ICLR 2026 LLM/NLP Meta-RL LLM Agent Exploration & Exploitation Multi-turn Interaction Cross-episode Training Self-reflection

Meta-RL Induces Exploration in Language Agents¶

Conference: ICLR 2026 arXiv: 2512.16848 Code: mlbio-epfl/LaMer Area: LLM/NLP Keywords: Meta-RL, LLM Agent, Exploration & Exploitation, Multi-turn Interaction, Cross-episode Training, Self-reflection

TL;DR¶

This paper proposes LaMer, a framework that introduces Meta-Reinforcement Learning (Meta-RL) into LLM agent training. By optimizing rewards across episodes and enabling context-based policy adaptation via self-reflection, LaMer equips language agents with active exploration capabilities, achieving absolute performance gains of 11%, 14%, and 19% on Sokoban, MineSweeper, and Webshop, respectively.

Background & Motivation¶

State of the Field¶

LLMs have progressively transitioned from dialogue systems toward decision-making agents (e.g., ReAct, Reflexion), capable of interacting with environments through multi-turn text observation–action loops. However, existing RL-trained LLM agents suffer from a fundamental limitation: the absence of active exploration. In tasks requiring trial-and-error learning, agents tend to converge prematurely to suboptimal policies, failing to systematically explore and adapt to new environments as humans do.

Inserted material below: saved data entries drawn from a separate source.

lemma chi_has_field_derivative_right:
  assumes p: "cmod p < R" and q: "cmod q < R" and t: "0 \<le> t"
  obtains dq where "((\<lambda>q'. chi f g p q' t) has_field_derivative dq) (at q)"
    and "((\<lambda>\<alpha>. deriv (\<lambda>x. Fcoef f g \<alpha> x t) (p * q) * p * p ^ fst \<alpha> * q ^ snd \<alpha>
            + Fcoef f g \<alpha> (p * q) t * p ^ fst \<alpha> * (of_nat (snd \<alpha>) * q ^ (snd \<alpha> - 1))) has_sum dq) UNIV"
proof -
  obtain dq
    where "((\<lambda>w. \<Sum>\<^sub>\<infinity>\<alpha>. Fcoef f g \<alpha> (p * w) t * p ^ fst \<alpha> * w ^ snd \<alpha>)
        has_field_derivative dq) (at q)"
    and "((\<lambda>\<alpha>. deriv (\<lambda>x. Fcoef f g \<alpha> x t) (p * q) * p * p ^ fst \<alpha> * q ^ snd \<alpha>
            + Fcoef f g \<alpha> (p * q) t * p ^ fst \<alpha> * (of_nat (snd \<alpha>) * q ^ (snd \<alpha> - 1))) has_sum dq) UNIV"
  proof (rule has_field_derivative_infsum[where r = "(R - cmod q) / 2"])
    show "0 < (R - cmod q) / 2" using q by simp
    show "(\<lambda>\<alpha>. 2 / \<omega> * fweight \<alpha>) summable_on UNIV"
      using fweight_summable by (rule summable_on_cmult_right)
    fix \<alpha> w assume "w \<in> cball q ((R - cmod q) / 2)"
    then have w: "cmod w < R" by (rule norm_less_in_cball_half_gap[OF q])
    show "((\<lambda>w. Fcoef f g \<alpha> (p * w) t * p ^ fst \<alpha> * w ^ snd \<alpha>) has_field_derivative
        deriv (\<lambda>x. Fcoef f g \<alpha> x t) (p * w) * p * p ^ fst \<alpha> * w ^ snd \<alpha>
        + Fcoef f g \<alpha> (p * w) t * p ^ fst \<alpha> * (of_nat (snd \<alpha>) * w ^ (snd \<alpha> - 1))) (at w)"
      using Fcoef_has_field_derivative[OF t norm_mult_less_square[OF p w]]
      by (rule has_field_derivative_monomial_right)
    show "cmod (Fcoef f g \<alpha> (p * w) t * p ^ fst \<alpha> * w ^ snd \<alpha>) \<le> 2 / \<omega> * fweight \<alpha>"
      using p w t by (intro norm_Fcoef_monomial_le) auto
  qed
  moreover have "(\<lambda>w. chi f g p w t) = (\<lambda>w. \<Sum>\<^sub>\<infinity>\<alpha>. Fcoef f g \<alpha> (p * w) t * p ^ fst \<alpha> * w ^ snd \<alpha>)"
    by (simp add: chi_def)
  ultimately show ?thesis using that by simp
qed

lemma euler_operator_chi:
  assumes p: "cmod p < R" and q: "cmod q < R" and t: "0 \<le> t"
  obtains dp dq where "((\<lambda>p'. chi f g p' q t) has_field_derivative dp) (at p)"
    and "((\<lambda>q'. chi f g p q' t) has_field_derivative dq) (at q)"
    and "((\<lambda>\<alpha>. lam \<alpha> * Fcoef f g \<alpha> (p * q) t * p ^ fst \<alpha> * q ^ snd \<alpha>) has_sum q * dq - p * dp) UNIV"
proof -
  let ?D = "\<lambda>\<alpha>. deriv (\<lambda>x. Fcoef f g \<alpha> x t) (p * q)"
  let ?F = "\<lambda>\<alpha>. Fcoef f g \<alpha> (p * q) t"
  obtain dp where dp: "((\<lambda>p'. chi f g p' q t) has_field_derivative dp) (at p)"
    "((\<lambda>\<alpha>. ?D \<alpha> * q * p ^ fst \<alpha> * q ^ snd \<alpha> + ?F \<alpha> * (of_nat (fst \<alpha>) * p ^ (fst \<alpha> - 1)) * q ^ snd \<alpha>)
      has_sum dp) UNIV"
    using chi_has_field_derivative_left[OF p q t] .
  obtain dq where dq: "((\<lambda>q'. chi f g p q' t) has_field_derivative dq) (at q)"
    "((\<lambda>\<alpha>. ?D \<alpha> * p * p ^ fst \<alpha> * q ^ snd \<alpha> + ?F \<alpha> * p ^ fst \<alpha> * (of_nat (snd \<alpha>) * q ^ (snd \<alpha> - 1)))
      has_sum dq) UNIV"
    using chi_has_field_derivative_right[OF p q t] .
  have euler:
    "q * (?D \<alpha> * p * p ^ fst \<alpha> * q ^ snd \<alpha>
          + ?F \<alpha> * p ^ fst \<alpha> * (of_nat (snd \<alpha>) * q ^ (snd \<alpha> - 1)))
      - p * (?D \<alpha> * q * p ^ fst \<alpha> * q ^ snd \<alpha>
          + ?F \<alpha> * (of_nat (fst \<alpha>) * p ^ (fst \<alpha> - 1)) * q ^ snd \<alpha>)
      = lam \<alpha> * ?F \<alpha> * p ^ fst \<alpha> * q ^ snd \<alpha>" for \<alpha>
    using euler_operator_monomial[of q "?D \<alpha>" p "fst \<alpha>" "snd \<alpha>" "?F \<alpha>"] by simp
  have "((\<lambda>\<alpha>. lam \<alpha> * ?F \<alpha> * p ^ fst \<alpha> * q ^ snd \<alpha>) has_sum q * dq - p * dp) UNIV"
    using has_sum_diff[OF has_sum_cmult_right[OF dq(2), where c = q]
        has_sum_cmult_right[OF dp(2), where c = p]]
    unfolding euler .
  with dp(1) dq(1) show ?thesis by (rule that)
qed

lemma chi_homological_equation:
  assumes p: "cmod p < R" and q: "cmod q < R" and t: "0 \<le> t"
  shows "\<exists>dp dq. ((\<lambda>p'. chi f g p' q t) has_field_derivative dp) (at p) \<and>
           ((\<lambda>q'. chi f g p q' t) has_field_derivative dq) (at q) \<and>
           g (p * q) t * (q * dq - p * dp)
             + (\<Sum>\<^sub>\<infinity>\<alpha>. vector_derivative (\<lambda>s. Fcoef f g \<alpha> (p * q) s) (at t within {0..})
                  * p ^ fst \<alpha> * q ^ snd \<alpha>)
           = taylor_eval f p q t"
proof -
  let ?V = "\<lambda>\<alpha>. vector_derivative (\<lambda>s. Fcoef f g \<alpha> (p * q) s) (at t within {0..})
              * p ^ fst \<alpha> * q ^ snd \<alpha>"
  obtain dp dq where dp: "((\<lambda>p'. chi f g p' q t) has_field_derivative dp) (at p)"
    and dq: "((\<lambda>q'. chi f g p q' t) has_field_derivative dq) (at q)"
    and euler: "((\<lambda>\<alpha>. lam \<alpha> * Fcoef f g \<alpha> (p * q) t * p ^ fst \<alpha> * q ^ snd \<alpha>)
        has_sum q * dq - p * dp) UNIV"
    using euler_operator_chi[OF p q t] .
  have "(?V has_sum (\<Sum>\<^sub>\<infinity>\<alpha>. ?V \<alpha>)) UNIV"
    using chi_derivative_series_bound(1)[OF _ _ t] p q by simp
  with euler have "((\<lambda>\<alpha>. g (p * q) t * (lam \<alpha> * Fcoef f g \<alpha> (p * q) t * p ^ fst \<alpha> * q ^ snd \<alpha>) + ?V \<alpha>)
      has_sum g (p * q) t * (q * dq - p * dp) + (\<Sum>\<^sub>\<infinity>\<alpha>. ?V \<alpha>)) UNIV"
    by (rule has_sum_add[OF has_sum_cmult_right])
  moreover have "g (p * q) t * (lam \<alpha> * Fcoef f g \<alpha> (p * q) t * p ^ fst \<alpha> * q ^ snd \<alpha>) + ?V \<alpha>
      = f \<alpha> t * p ^ fst \<alpha> * q ^ snd \<alpha>" for \<alpha>
    using norm_mult_less_square[OF p q] t by (simp add: vector_derivative_Fcoef algebra_simps)
  ultimately have "g (p * q) t * (q * dq - p * dp) + (\<Sum>\<^sub>\<infinity>\<alpha>. ?V \<alpha>) = taylor_eval f p q t"
    unfolding taylor_eval_def by (intro infsumI[symmetric]) simp
  with dp dq show ?thesis by blast
qed

lemma Fcoef_differentiable:
  "cmod x \<le> R\<^sup>2 \<Longrightarrow> 0 \<le> t \<Longrightarrow> (\<lambda>s. Fcoef f g \<alpha> x s) differentiable (at t within {0..})"
  using Fcoef_has_vector_derivative by (rule differentiableI_vector)

end

lemma homological_constants_le:
  fixes \<omega> M \<delta> :: real
  assumes \<omega>: "0 < \<omega>" "\<omega> \<le> 1" and M: "0 < M" and \<delta>: "0 < \<delta>" "\<delta> < 1"
  shows "2 / \<omega> * M \<le> 4 * M / (\<omega> * \<delta>\<^sup>2)" and "4 * M \<le> 4 * M / (\<omega> * \<delta>\<^sup>2)"
proof -
  have \<delta>2: "0 < \<delta>\<^sup>2" "\<delta>\<^sup>2 \<le> 1" using \<delta> by (auto simp: power_le_one)
  have "2 / \<omega> * M \<le> 4 * M / \<omega>" using M \<omega> by (simp add: divide_simps)
  also have "\<dots> \<le> 4 * M / (\<omega> * \<delta>\<^sup>2)"
    using M \<omega> \<delta>2 by (intro divide_left_mono) (auto intro: mult_left_le)
  finally show "2 / \<omega> * M \<le> 4 * M / (\<omega> * \<delta>\<^sup>2)" .
  have "0 < \<omega> * \<delta>\<^sup>2" "\<omega> * \<delta>\<^sup>2 \<le> 1" using \<omega> \<delta>2 by (auto intro: mult_le_one)
  then show "4 * M \<le> 4 * M / (\<omega> * \<delta>\<^sup>2)" using M by (simp add: le_divide_eq mult_left_le)
qed
(* Let $\nu$ be a probability measure on $\mathrm{U}(d)$ which is an exact unitary $t$-design. Let $\Phi\in\mathcal{H}_t$ satisfy $\int_{\mathcal{U}(d)}\mathrm{d}\mu(\mathcal{U})\,\Phi(\mathcal{U})=1$. Then for every $V\in\mathrm{U}(d)$ and every $\epsilon\in[0,2]$, $$\int_{B(\mathcal{V},\epsilon)}\mathrm{d}\mu(\mathcal{U})\,(T_\nu\Phi)(\mathcal{U})=\mathrm{vol}(B(\mathcal{V},\epsilon)).$$
   Context: $\mathcal{U}(d)$ is the set of unitary channels on $\mathbb{C}^d$ (functions on it = phase-invariant functions on $\mathrm{U}(d)$); $\mu$ is the Haar probability measure and $\mathrm{vol}=\mu$. $\mathrm{D}(\mathcal{U},\mathcal{V})=\min_\varphi\|U-e^{i\varphi}V\|_\infty$ and $B(\mathcal{V},\epsilon)=\{\mathcal{U}:\mathrm{D}(\mathcal{U},\mathcal{V})\le\epsilon\}$. $\mathcal{H}_t$ is the span of functions $U\mapsto\mathrm{tr}(A\,U^{\otimes s}\otimes\bar U^{\otimes s})$, $0\le s\le t$. $(T_\nu\Phi)(U)=\int\mathrm{d}\nu(V)\,\Phi(V^{-1}U)$. $\nu$ is an exact $t$-design if $\int\mathrm{d}\nu\,G=\int\mathrm{d}\mu\,G$ for all $G(U)=\mathrm{tr}(A\,U^{\otimes t}\otimes\bar U^{\otimes t})$. *)

theory Defs
  imports "HOL-Probability.Probability" "HOL-Library.Function_Algebras"
begin

text \<open>Matrices in M_d(C) are represented as complex^'d^'d, with the dimension d = CARD('d).\<close>

definition adjoint_mat :: "complex^'d^'d \<Rightarrow> complex^'d^'d" where
  "adjoint_mat U = (\<chi> i j. cnj (U $ j $ i))"

definition unitary_group :: "(complex^'d::finite^'d) set" where
  "unitary_group = {U. adjoint_mat U ** U = mat 1}"

definition op_norm :: "complex^'d::finite^'d \<Rightarrow> real" where
  "op_norm M = onorm (\<lambda>x. M *v x)"

text \<open>Distance between unitary channels: min over global phases.\<close>
definition chan_dist :: "complex^'d::finite^'d \<Rightarrow> complex^'d^'d \<Rightarrow> real" where
  "chan_dist U V = (INF \<phi>::real. op_norm (U - (\<chi> i j. cis \<phi> * V $ i $ j)))"

definition chan_ball :: "complex^'d::finite^'d \<Rightarrow> real \<Rightarrow> (complex^'d^'d) set" where
  "chan_ball V \<epsilon> = {U \<in> unitary_group. chan_dist U V \<le> \<epsilon>}"

definition haar_measure :: "(complex^'d::finite^'d) measure \<Rightarrow> bool" where
  "haar_measure \<mu> \<longleftrightarrow> prob_space \<mu> \<and> sets \<mu> = sets borel \<and> emeasure \<mu> unitary_group = 1 \<and>
     (\<forall>V\<in>unitary_group. distr \<mu> borel (\<lambda>U. V ** U) = \<mu>)"

definition prob_on_unitary :: "(complex^'d::finite^'d) measure \<Rightarrow> bool" where
  "prob_on_unitary \<nu> \<longleftrightarrow> prob_space \<nu> \<and> sets \<nu> = sets borel \<and> emeasure \<nu> unitary_group = 1"

text \<open>Multi-indices of length s (indexing the tensor power (C^d)^{\<otimes>s}).\<close>
definition multi_idx :: "nat \<Rightarrow> (nat \<Rightarrow> 'd) set" where
  "multi_idx s = {0..<s} \<rightarrow>\<^sub>E UNIV"

text \<open>Entry (I,J) of U^{\<otimes>s}.\<close>
definition tens_entry :: "nat \<Rightarrow> complex^'d^'d \<Rightarrow> (nat \<Rightarrow> 'd) \<Rightarrow> (nat \<Rightarrow> 'd) \<Rightarrow> complex" where
  "tens_entry s U I J = (\<Prod>m<s. U $ I m $ J m)"

text \<open>tr(A (U^{\<otimes>s} \<otimes> conj(U)^{\<otimes>s})), where A is a matrix indexed by pairs of multi-indices;
  the entry ((I,K),(J,L)) of U^{\<otimes>s} \<otimes> conj(U)^{\<otimes>s} is (U^{\<otimes>s})_{IJ} * conj((U^{\<otimes>s})_{KL}).\<close>
definition tr_tensor ::
  "nat \<Rightarrow> ((nat \<Rightarrow> 'd::finite) \<times> (nat \<Rightarrow> 'd) \<Rightarrow> (nat \<Rightarrow> 'd) \<times> (nat \<Rightarrow> 'd) \<Rightarrow> complex)
     \<Rightarrow> complex^'d^'d \<Rightarrow> complex" where
  "tr_tensor s A U = (\<Sum>I\<in>multi_idx s. \<Sum>K\<in>multi_idx s. \<Sum>J\<in>multi_idx s. \<Sum>L\<in>multi_idx s.
      A (J, L) (I, K) * (tens_entry s U I J * cnj (tens_entry s U K L)))"

definition H_space :: "nat \<Rightarrow> (complex^'d::finite^'d \<Rightarrow> complex) set" where
  "H_space t = module.span (\<lambda>c f. (\<lambda>U. c * f U))
      {G. \<exists>s A. s \<le> t \<and> G = tr_tensor s A}"

definition exact_design :: "nat \<Rightarrow> (complex^'d::finite^'d) measure \<Rightarrow> (complex^'d^'d) measure \<Rightarrow> bool" where
  "exact_design t \<mu> \<nu> \<longleftrightarrow>
     (\<forall>A. integral\<^sup>L \<nu> (tr_tensor t A) = integral\<^sup>L \<mu> (tr_tensor t A))"

definition T_op :: "(complex^'d::finite^'d) measure \<Rightarrow> (complex^'d^'d \<Rightarrow> complex) \<Rightarrow> complex^'d^'d \<Rightarrow> complex" where
  "T_op \<nu> \<Phi> U = (\<integral>V. \<Phi> (matrix_inv V ** U) \<partial>\<nu>)"

end

theory Submission
  imports Defs
begin

(*
  For unitary U the function V \<mapsto> \<Phi>(V^* U) is again a polynomial of degree at most t in the
  entries of V and their conjugates. Since the columns of a unitary V have norm 1, every such
  polynomial agrees on U(d) with one of the form tr(B V^{\<otimes>t} \<otimes> conj(V)^{\<otimes>t}), which the
  t-design \<nu> integrates exactly as the Haar measure \<mu> does. Hence (T_\<nu>\<Phi>)(U) equals the Haar
  average of V \<mapsto> \<Phi>(V^* U). Only left invariance of \<mu> is assumed, so this average is computed
  by Fubini: as a function of U it is constant by left invariance, while its average over U is
  \<integral>\<Phi> d\<mu> = 1, again by left invariance. So T_\<nu>\<Phi> = 1 on U(d), and its integral over any ball
  is the volume of the ball.
*)

lemma adjoint_mat_nth [simp]: "adjoint_mat U $ i $ j = cnj (U $ j $ i)"
  by (simp add: adjoint_mat_def)

lemma adjoint_mat_adjoint_mat [simp]: "adjoint_mat (adjoint_mat U) = U"
  by (simp add: vec_eq_iff)

lemma adjoint_mat_mult:
  "adjoint_mat (A ** B) = adjoint_mat B ** adjoint_mat (A :: complex^'n::finite^'n)"
  by (simp add: vec_eq_iff matrix_matrix_mult_def mult.commute)

lemma unitary_group_iff: "U \<in> unitary_group \<longleftrightarrow> adjoint_mat U ** U = mat 1"
  by (simp add: unitary_group_def)

lemma unitary_mult_adjoint_mat: "U \<in> unitary_group \<Longrightarrow> U ** adjoint_mat U = mat 1"
  by (simp add: unitary_group_iff matrix_left_right_inverse)

lemma adjoint_mat_unitary: "U \<in> unitary_group \<Longrightarrow> adjoint_mat U \<in> unitary_group"
  using unitary_mult_adjoint_mat by (simp add: unitary_group_iff)

lemma unitary_column_sum:
  assumes "U \<in> unitary_group"
  shows "(\<Sum>k\<in>UNIV. cnj (U $ k $ j) * U $ k $ j) = 1"
proof -
  have "(adjoint_mat U ** U) $ j $ j = 1"
    using assms by (simp add: unitary_group_iff mat_def)
  then show ?thesis
    by (simp add: matrix_matrix_mult_def)
qed

lemma norm_unitary_entry_le_1:
  assumes "U \<in> unitary_group"
  shows "norm (U $ i $ j) \<le> 1"
proof -
  have "complex_of_real (\<Sum>k\<in>UNIV. (norm (U $ k $ j))\<^sup>2) = (\<Sum>k\<in>UNIV. cnj (U $ k $ j) * U $ k $ j)"
    by (simp only: of_real_sum complex_norm_square[symmetric] mult.commute)
  then have "(\<Sum>k\<in>UNIV. (norm (U $ k $ j))\<^sup>2) = 1"
    using unitary_column_sum[OF assms] by (metis of_real_eq_1_iff)
  moreover have "(norm (U $ i $ j))\<^sup>2 \<le> (\<Sum>k\<in>UNIV. (norm (U $ k $ j))\<^sup>2)"
    by (rule member_le_sum) auto
  ultimately show ?thesis
    by (simp add: power_le_one_iff abs_le_square_iff)
qed

lemma closed_unitary_group: "closed unitary_group"
proof -
  have "unitary_group =
      (\<Inter>i. \<Inter>j. {U. (\<Sum>k\<in>UNIV. cnj (U $ k $ i) * U $ k $ j) = mat 1 $ i $ j})"
    by (auto simp: unitary_group_iff vec_eq_iff matrix_matrix_mult_def)
  also have "closed \<dots>"
    by (intro closed_INT ballI closed_Collect_eq continuous_intros)
  finally show ?thesis .
qed

lemma bounded_unitary_group: "bounded (unitary_group :: (complex^'n::finite^'n) set)"
proof -
  have "norm U \<le> real (CARD('n) * CARD('n))" if "U \<in> unitary_group" for U :: "complex^'n^'n"
  proof -
    have "norm U \<le> (\<Sum>i\<in>UNIV. norm (U $ i))"
      unfolding norm_vec_def by (rule L2_set_le_sum) auto
    also have "\<dots> \<le> (\<Sum>i\<in>UNIV. \<Sum>j\<in>UNIV. norm (U $ i $ j))"
      by (intro sum_mono) (simp add: norm_vec_def L2_set_le_sum)
    also have "\<dots> \<le> (\<Sum>i\<in>(UNIV::'n set). \<Sum>j\<in>(UNIV::'n set). 1)"
      by (intro sum_mono norm_unitary_entry_le_1 that)
    finally show ?thesis
      by simp
  qed
  then show ?thesis
    by (auto simp: bounded_iff)
qed

lemma compact_unitary_group: "compact unitary_group"
  by (simp add: compact_eq_bounded_closed closed_unitary_group bounded_unitary_group)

Limitations of Prior Work¶

Prompting-based methods (Zero-shot, ReAct, Reflexion): rely on frozen LLMs, exhibit limited exploratory behavior, and have low performance ceilings.

Standard RL training (PPO, GRPO, GiGPO): each episode is sampled independently with a fixed policy, precluding test-time adaptation through trial and error.

Offline distillation methods: depend on offline data, enabling imitation rather than active exploration; predominantly focus on single-turn reasoning rather than multi-turn agent tasks.

Core Idea¶

Multi-turn tasks typically yield sparse success signals only at the end of an episode. By treating multiple episodes as a single trial, the exploration–exploitation trade-off naturally becomes a cross-episode RL problem—precisely the framework of Meta-RL. Training across multiple distinct but related environments compels the agent to learn generalizable exploration strategies.

Method¶

Overall Architecture¶

LaMer (LLM Agent with Meta-RL) consists of two core components:

Cross-episode training framework: encourages the agent to explore in early episodes and exploit accumulated experience in subsequent ones.
Context-based policy adaptation via self-reflection: enables policy adaptation through textual reflection in context, without gradient updates.

Cross-episode Training¶

Each trial consists of \(N\) sequentially ordered episodes:

\[\mathcal{T} = (\tau^{(0)}, \tau^{(1)}, \dots, \tau^{(N-1)})\]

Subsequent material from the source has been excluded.